Something important is they do TCP which means you can run it on top of tor protecting you from compromised exit nodes.
They also accept BTC so you can make it so they don't know who you are.
Finally they don't monitor log ins so you can give away the log in details so you can give that extra privacy to friends and family.
Olive They also accept BTC so you can make it so they don't know who you are.
XMR even
[deleted]
i use Proton VPN. it's good and perfect
DeletedUser28 Does anyone know if Windscribe and OVPN are trustworthy?
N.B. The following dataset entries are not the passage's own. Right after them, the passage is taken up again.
(* A pseudocompact Tychonoff space carries no locally finite sequence of nonempty open sets G n:
   pick x n in G n and Urysohn functions h n supported in G n with h n (x n) = 1; the locally finite
   sum of n * |h n| would be continuous and unbounded. Applied to the complements of the closures of
   V 0 u ... u V (n - 1), this says that every countable open cover has a finite subfamily with dense
   union. Now let the closure K of an open set U be Lindelof. By regularity, an open cover of K has a
   countable refinement covering K whose closures lie in members of the cover; adding X - K and
   taking a finite subfamily with dense union, the open set U (which misses X - K) lies in the closure
   of finitely many refining sets, hence so does K, and K is compact.
   If f is constant y off a closed Lindelof set Z, the closure of the open set where f differs from y
   is such a K inside Z. Conversely, compact sets of a Hausdorff space are closed and Lindelof. *)

theory Submission
  imports Defs
begin

definition locally_finite_indexed_in :: "'a topology \<Rightarrow> ('i \<Rightarrow> 'a set) \<Rightarrow> bool" where
  "locally_finite_indexed_in X G \<longleftrightarrow>
     (\<forall>x \<in> topspace X. \<exists>V. openin X V \<and> x \<in> V \<and> finite {i. G i \<inter> V \<noteq> {}})"

lemma locally_finite_indexed_in_finite_at:
  assumes "locally_finite_indexed_in X G" and "x \<in> topspace X"
  shows "finite {i. x \<in> G i}"
proof -
  obtain V where "x \<in> V" and fin: "finite {i. G i \<inter> V \<noteq> {}}"
    using assms unfolding locally_finite_indexed_in_def by blast
  then have "{i. x \<in> G i} \<subseteq> {i. G i \<inter> V \<noteq> {}}" by blast
  then show ?thesis using fin by (rule finite_subset)
qed

lemma continuous_map_sum_locally_finite:
  fixes h :: "'i \<Rightarrow> 'a \<Rightarrow> 'b::real_normed_vector"
  assumes lf: "locally_finite_indexed_in X G"
    and cont: "\<And>i. continuous_map X euclidean (h i)"
    and supp: "\<And>i x. x \<in> topspace X \<Longrightarrow> x \<notin> G i \<Longrightarrow> h i x = 0"
  shows "continuous_map X euclidean (\<lambda>x. \<Sum>i \<in> {i. x \<in> G i}. h i x)"
proof -
  let ?g = "\<lambda>x. \<Sum>i \<in> {i. x \<in> G i}. h i x"
  have "\<forall>x \<in> topspace X. \<exists>V. openin X V \<and> x \<in> V \<and> continuous_map (subtopology X V) euclidean ?g"
  proof
    fix x assume "x \<in> topspace X"
    obtain V where V: "openin X V" "x \<in> V" and fin: "finite {i. G i \<inter> V \<noteq> {}}"
      using lf \<open>x \<in> topspace X\<close> unfolding locally_finite_indexed_in_def by blast
    have "continuous_map (subtopology X V) euclidean (\<lambda>y. \<Sum>i \<in> {i. G i \<inter> V \<noteq> {}}. h i y)"
      using fin cont by (intro continuous_map_sum continuous_map_from_subtopology)
    then have "continuous_map (subtopology X V) euclidean ?g"
    proof (rule continuous_map_eq)
      fix y assume "y \<in> topspace (subtopology X V)"
      then show "(\<Sum>i \<in> {i. G i \<inter> V \<noteq> {}}. h i y) = ?g y"
        by (intro sum.mono_neutral_right[OF fin]) (auto simp: supp)
    qed
    with V show "\<exists>V. openin X V \<and> x \<in> V \<and> continuous_map (subtopology X V) euclidean ?g"
      by blast
  qed
  then obtain V where V: "\<forall>x \<in> topspace X.
      openin X (V x) \<and> x \<in> V x \<and> continuous_map (subtopology X (V x)) euclidean ?g"
    by (rule bchoice[THEN exE])
  show ?thesis
  proof (rule pasting_lemma[where I = "topspace X" and T = V and f = "\<lambda>_. ?g"])
    show "\<exists>j. j \<in> topspace X \<and> x \<in> V j \<and> ?g x = ?g x" if "x \<in> topspace X" for x
      using V that by blast
  qed (use V in simp_all)
qed

lemma pseudocompact_locally_finite_open_seq_has_empty:
  assumes crs: "completely_regular_space X" and pc: "pseudocompact_space X"
    and G: "\<And>n. openin X (G n)" and lf: "locally_finite_indexed_in X G"
  shows "\<exists>n::nat. G n = {}"
proof (rule ccontr)
  assume "\<nexists>n. G n = {}"
  then have "\<forall>n. \<exists>y. y \<in> G n"
    by blast
  then obtain x where x: "\<forall>n. x n \<in> G n"
    by (rule choice[THEN exE])
  have xX: "x n \<in> topspace X" for n
    using G openin_subset x by blast
  have "\<forall>n. \<exists>f. continuous_map X euclideanreal f \<and> f (x n) = 1 \<and> f ` (topspace X - G n) \<subseteq> {0}"
    using crs G x unfolding completely_regular_space_gen_alt'[of 1 0, simplified] by blast
  then obtain h where "\<forall>n. continuous_map X euclideanreal (h n) \<and> h n (x n) = 1 \<and>
      h n ` (topspace X - G n) \<subseteq> {0}"
    by (rule choice[THEN exE])
  then have h: "\<And>n. continuous_map X euclideanreal (h n)"
    and hx: "\<And>n. h n (x n) = 1" and h0: "\<And>n. h n ` (topspace X - G n) \<subseteq> {0}"
    by auto
  define g where "g y = (\<Sum>n \<in> {n. y \<in> G n}. real n * \<bar>h n y\<bar>)" for y
  have "continuous_map X euclideanreal g"
    unfolding g_def using lf h h0
    by (intro continuous_map_sum_locally_finite continuous_intros) auto
  then obtain B where B: "\<And>y. y \<in> topspace X \<Longrightarrow> \<bar>g y\<bar> \<le> B"
    using pc unfolding pseudocompact_space_def bounded_real by blast
  obtain n :: nat where n: "B < real n"
    using reals_Archimedean2 by blast
  have "real n * \<bar>h n (x n)\<bar> \<le> g (x n)"
    unfolding g_def
    by (rule member_le_sum) (use locally_finite_indexed_in_finite_at[OF lf xX] x in auto)
  with hx B[OF xX[of n]] n show False
    by simp
qed

lemma pseudocompact_countable_open_cover_dense:
  assumes crs: "completely_regular_space X" and pc: "pseudocompact_space X"
    and "countable \<V>" and opn: "\<And>V. V \<in> \<V> \<Longrightarrow> openin X V"
    and cover: "topspace X \<subseteq> \<Union>\<V>"
  shows "\<exists>\<F>. finite \<F> \<and> \<F> \<subseteq> \<V> \<and> X closure_of \<Union>\<F> = topspace X"
proof (cases "\<V> = {}")
  case True
  with cover show ?thesis by auto
next
  case False
  define V where "V = from_nat_into \<V>"
  have V: "V n \<in> \<V>" for n
    by (simp add: V_def False from_nat_into)
  have "range V = \<V>"
    unfolding V_def using False \<open>countable \<V>\<close> by (rule range_from_nat_into)
  define G where "G n = topspace X - X closure_of (\<Union>i<n. V i)" for n
  have "\<exists>n. G n = {}"
  proof (rule pseudocompact_locally_finite_open_seq_has_empty[OF crs pc])
    show "openin X (G n)" for n
      unfolding G_def by (intro openin_diff openin_topspace closedin_closure_of)
    show "locally_finite_indexed_in X G"
      unfolding locally_finite_indexed_in_def
    proof
      fix x assume "x \<in> topspace X"
      then obtain j where "x \<in> V j"
        using cover \<open>range V = \<V>\<close> by blast
      have disj: "G n \<inter> V j = {}" if "j < n" for n
      proof -
        have "V j \<subseteq> (\<Union>i<n. V i)" using that by blast
        also have "\<dots> \<subseteq> X closure_of (\<Union>i<n. V i)"
          using opn V openin_subset by (intro closure_of_subset) blast
        finally show ?thesis unfolding G_def by blast
      qed
      have "{n. G n \<inter> V j \<noteq> {}} \<subseteq> {..j}"
      proof
        fix n assume "n \<in> {n. G n \<inter> V j \<noteq> {}}"
        then have "\<not> j < n"
          using disj by blast
        then show "n \<in> {..j}"
          by simp
      qed
      then have "finite {n. G n \<inter> V j \<noteq> {}}"
        by (rule finite_subset) simp
      with \<open>x \<in> V j\<close> opn V show "\<exists>W. openin X W \<and> x \<in> W \<and> finite {n. G n \<inter> W \<noteq> {}}"
        by blast
    qed
  qed
  then obtain n where "G n = {}" ..
  then have "X closure_of \<Union>(V ` {..<n}) = topspace X"
    unfolding G_def by (intro equalityI closure_of_subset_topspace) auto
  moreover have "V ` {..<n} \<subseteq> \<V>"
    using V by blast
  ultimately show ?thesis
    by (intro exI[of _ "V ` {..<n}"]) simp
qed

lemma regular_space_Lindelof_closure_refinement:
  assumes "regular_space X" and K: "K \<subseteq> topspace X" and lin: "Lindelof_space (subtopology X K)"
    and opn: "\<And>W. W \<in> \<U> \<Longrightarrow> openin X W" and cover: "K \<subseteq> \<Union>\<U>"
  shows "\<exists>\<V>. countable \<V> \<and> (\<forall>V \<in> \<V>. openin X V \<and> (\<exists>W \<in> \<U>. X closure_of V \<subseteq> W)) \<and> K \<subseteq> \<Union>\<V>"
proof -
  have base: "neighbourhood_base_of (closedin X) X"
    using assms(1) neighbourhood_base_of_closedin by blast
  have "\<forall>p \<in> K. \<exists>V. openin X V \<and> p \<in> V \<and> (\<exists>W \<in> \<U>. X closure_of V \<subseteq> W)"
  proof
    fix p assume "p \<in> K"
    then obtain W where W: "W \<in> \<U>" "p \<in> W"
      using cover by blast
    then have "openin X W \<and> p \<in> W"
      using opn by blast
    then obtain V C where V: "openin X V" "p \<in> V" and C: "closedin X C" "V \<subseteq> C" "C \<subseteq> W"
      using base[unfolded neighbourhood_base_of, rule_format, of W p] by blast
    have "X closure_of V \<subseteq> C"
      using C by (simp add: closure_of_minimal)
    with V C W show "\<exists>V. openin X V \<and> p \<in> V \<and> (\<exists>W \<in> \<U>. X closure_of V \<subseteq> W)"
      by blast
  qed
  then obtain N where N: "\<forall>p \<in> K. openin X (N p) \<and> p \<in> N p \<and> (\<exists>W \<in> \<U>. X closure_of (N p) \<subseteq> W)"
    by (rule bchoice[THEN exE])
  then have "(\<forall>S \<in> N ` K. openin X S) \<and> K \<subseteq> \<Union>(N ` K)"
    by blast
  then obtain \<V> where "countable \<V>" "\<V> \<subseteq> N ` K" "K \<subseteq> \<Union>\<V>"
    using lin[unfolded Lindelof_space_subtopology_subset[OF K], rule_format, of "N ` K"] by blast
  moreover have "\<forall>V \<in> \<V>. openin X V \<and> (\<exists>W \<in> \<U>. X closure_of V \<subseteq> W)"
    using N \<open>\<V> \<subseteq> N ` K\<close> by blast
  ultimately show ?thesis
    by (intro exI[of _ \<V>] conjI)
qed

lemma openin_subset_closure_of_Union_remove:
  assumes U: "openin X U" and dense: "X closure_of \<Union>\<F> = topspace X" and "U \<inter> S = {}"
  shows "U \<subseteq> X closure_of \<Union>(\<F> - {S})"
proof -
  have "U \<subseteq> U \<inter> X closure_of \<Union>\<F>"
    using dense openin_subset[OF U] by blast
  also have "\<dots> \<subseteq> X closure_of (U \<inter> \<Union>\<F>)"
    using U by (rule openin_Int_closure_of_subset)
  also have "\<dots> \<subseteq> X closure_of \<Union>(\<F> - {S})"
    using \<open>U \<inter> S = {}\<close> by (intro closure_of_mono) blast
  finally show ?thesis .
qed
My only problem with OVPN is that it doesn't come with an open source client, so I'd take one of the others at any time. Mullvad and IVPN are my favorites because they adapt new things quite early, are focused on VPN only (and recently Mullvad Browser but that's fantastic), have easy XMR payment and don't require a mail address for registration.
[deleted] have you checked out Tom Spark's VPNtierList
I don't consider him credible as he's always been very biased towards TorGuard and uses lots of affiliate links which coincidentally are also his best rated VPNs. Recommending NordVPN, Surfshark and ExpressVPN are big red flags in my book and I saw him once making false claims against Mullvad (pretending they don't support Split tunneling when they clearly did on all clients). He also hates IVPN because he gets called out on his bias by them.
I think all we need to do is pick one of the top 4 privacy VPNs (Mullvad, IVPN, ProtonVPN and Windscribe) depending on our threat model, local speed and stability (or just test them all for a month and take the one that works best).
5 months later
I've been using Windscribe for a while and found it to be quite reliable. They offer a good mix of features and have a decent free tier.
- Edited
Older thread but info still applies. Mullvad. It's not free but only 5-6 bucks a month for 5* devices. They do not have any of my info as I pay with Bitcoin and they do not ask for, nor want your private info. I use it directly on my router which covers every internet connected device on my network while only counting as 1 device, the other 4 devices are mobile phones and laptop when off my network.